text \<open>Two sign changes of p agree exactly on the coordinates where p vanishes; the
  corresponding unit vectors are lambda_A-values of the facets bar F_k through p.\<close>
lemma unfold_pt_eq_imp_M_rel:
  assumes p: "p \<in> cube0" and p': "p' \<in> cube0" and eq: "unfold_pt (p, g) = unfold_pt (p', g')"
  shows "((p, g), (p', g')) \<in> M_rel A"
proof -
  have pp': "p = p'"
    using absv_unfold_pt[OF p, of g] absv_unfold_pt[OF p', of g'] eq by simp
  have "axis k 1 \<in> G_at A p" if k: "(g - g')$k = 1" for k
  proof -
    have "g$k \<noteq> g'$k"
      using k by auto
    moreover have "hvec g p $ k = hvec g' p $ k"
      using eq pp' unfolding unfold_pt_def by simp
    ultimately have "p$k = 0"
      unfolding hvec_def using bit_0_or_1[of "g$k"] bit_0_or_1[of "g'$k"] by auto
    then have "p \<in> facet0 (k, False)"
      using p unfolding facet0_def by auto
    from lambdaA_in_G_at[OF this, of A] show ?thesis
      by (simp add: lambdaA_def)
  qed
  then have "(\<Sum>k\<in>{k. (g - g')$k = 1}. axis k 1) \<in> G_at A p"
    unfolding G_face_def by (intro gen_subgroup_sum) auto
  moreover have "(\<Sum>k\<in>{k. (g - g')$k = 1}. axis k 1) = g - g'"
    using bit_0_or_1 by (auto simp: vec_eq_iff sum_component axis_def)
  ultimately show ?thesis
    using p pp' by (simp add: M_rel_iff)
qed

lemma Q_rel_imp_M_rel:
  fixes A :: "bit^'n^'n"
  assumes d: "\<forall>i. A$i$i = 0" and xy: "(x, y) \<in> Q_rel A"
  shows "((absv x, sv x), (absv y, sv y)) \<in> M_rel A"
proof -
  let ?S = "{(x, y). x \<in> cubeC \<and> y \<in> cubeC \<and> ((absv x, sv x), (absv y, sv y)) \<in> M_rel A}"
  have S: "equiv cubeC ?S"
    by (rule equiv_pullback[OF glue_rel_M_equiv]) (auto simp: absv_cube0)
  have "(x, tauA A i x) \<in> ?S" if x: "x \<in> facetC i s" for x i s
  proof -
    let ?l = "lambdaA A (i, True)" and ?y = "tauA A i x"
    have cx: "x \<in> cubeC" and ax: "absv x \<in> facet0 (i, True)"
      using x absv_cube0[of x] unfolding facetC_def facet0_def absv_def by (auto split: if_splits)
    have cy: "?y \<in> cubeC"
      using cx d by (simp add: tauA_hvec hvec_cubeC)
    have "?y = hvec ?l (unfold_pt (absv x, sv x))"
      using d by (simp add: tauA_hvec unfold_pt_absv_sv)
    also have "\<dots> = unfold_pt (absv x, sv x + ?l)"
      by (rule hvec_unfold_pt)
    finally have "unfold_pt (absv x, sv x + ?l) = unfold_pt (absv ?y, sv ?y)"
      by (simp add: unfold_pt_absv_sv)
    from unfold_pt_eq_imp_M_rel[OF absv_cube0[OF cx] absv_cube0[OF cy] this]
    have "((absv x, sv x + ?l), (absv ?y, sv ?y)) \<in> M_rel A" .
    moreover have "((absv x, sv x), (absv x, sv x + ?l)) \<in> M_rel A"
      using gen_neg[OF lambdaA_in_G_at[OF ax, unfolded G_face_def]] absv_cube0[OF cx]
      by (simp add: M_rel_iff G_face_def)
    ultimately have "((absv x, sv x), (absv ?y, sv ?y)) \<in> M_rel A"
      using glue_rel_M_equiv by (blast elim: equivE transE)
    then show "(x, ?y) \<in> ?S"
      using cx cy by blast
  qed
  then have "glue_rel A \<subseteq> ?S"
    unfolding glue_rel_def by blast
  then show ?thesis
    using gen_equiv_least[OF S] xy by blast
qed


text \<open>Conversely, changing the sign pattern of p by an element of G_{f(p)} does not change
  the point of Q^n_{F_A}: the generators either act trivially (facets bar F_j, where the
  coordinate vanishes) or are realised by the pairing maps (facets bar F^*_j).\<close>
lemma G_at_imp_Q_rel:
  fixes A :: "bit^'n^'n"
  assumes d: "\<forall>i. A$i$i = 0" and p: "p \<in> cube0" and h: "h \<in> G_at A p"
  shows "(unfold_pt (p, g), unfold_pt (p, g + h)) \<in> Q_rel A"
  using h[unfolded G_face_def]
proof (induction arbitrary: g rule: gen_subgroup.induct)
  case gen_zero
  show ?case
    using unfold_pt_cubeC[OF p] unfolding gen_equiv_def by (auto intro: Id_onI)
next
  case (gen_base h)
  then obtain F where "h = lambdaA A F" and "face_of_pt cube0 facet0 p \<subseteq> facet0 F"
    by blast
  moreover obtain j b where "F = (j, b)"
    by (cases F)
  ultimately have h: "h = lambdaA A (j, b)" and pF: "p \<in> facet0 (j, b)"
    using in_face_of_pt[OF p] by auto
  show ?case
  proof (cases b)
    case False
    then have "p$j = 0" and "h = axis j 1"
      using pF h unfolding facet0_def lambdaA_def by auto
    then have "unfold_pt (p, g + h) = unfold_pt (p, g)"
      unfolding unfold_pt_def hvec_def vec_eq_iff by (auto simp: axis_def)
    then show ?thesis
      using unfold_pt_cubeC[OF p] unfolding gen_equiv_def by (auto intro: Id_onI)
  next
    case True
    let ?x = "unfold_pt (p, g)"
    have "?x \<in> facetC j (g$j \<noteq> 1)"
      using unfold_pt_cubeC[OF p] pF True
      unfolding facetC_def facet0_def unfold_pt_def hvec_def by auto
    then have "(?x, tauA A j ?x) \<in> glue_rel A"
      unfolding glue_rel_def by blast
    moreover have "tauA A j ?x = unfold_pt (p, g + h)"
      using d h True by (simp add: tauA_hvec hvec_unfold_pt)
    ultimately show ?thesis
      unfolding gen_equiv_def by auto
  qed
next
  case (gen_add a b)
  have "(unfold_pt (p, g), unfold_pt (p, g + a)) \<in> Q_rel A"
    by (rule gen_add.IH(1))
  moreover have "(unfold_pt (p, g + a), unfold_pt (p, g + a + b)) \<in> Q_rel A"
    by (rule gen_add.IH(2))
  ultimately have "(unfold_pt (p, g), unfold_pt (p, g + a + b)) \<in> Q_rel A"
    using Q_rel_equiv[OF d] unfolding equiv_def trans_def by blast
  then show ?case
    by (simp add: add.assoc)
next
  case (gen_neg a)
  have "- a = a"
    by (simp add: vec_eq_iff)
  then show ?case
    using gen_neg.IH[of g] by (simp only:)
qed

__ASSIGNED TASK__.
Return every line of the listing above that contains "text".

__WRITTEN ANSWER__.
text \<open>Two sign changes of p agree exactly on the coordinates where p vanishes; the
text \<open>Conversely, changing the sign pattern of p by an element of G_{f(p)} does not change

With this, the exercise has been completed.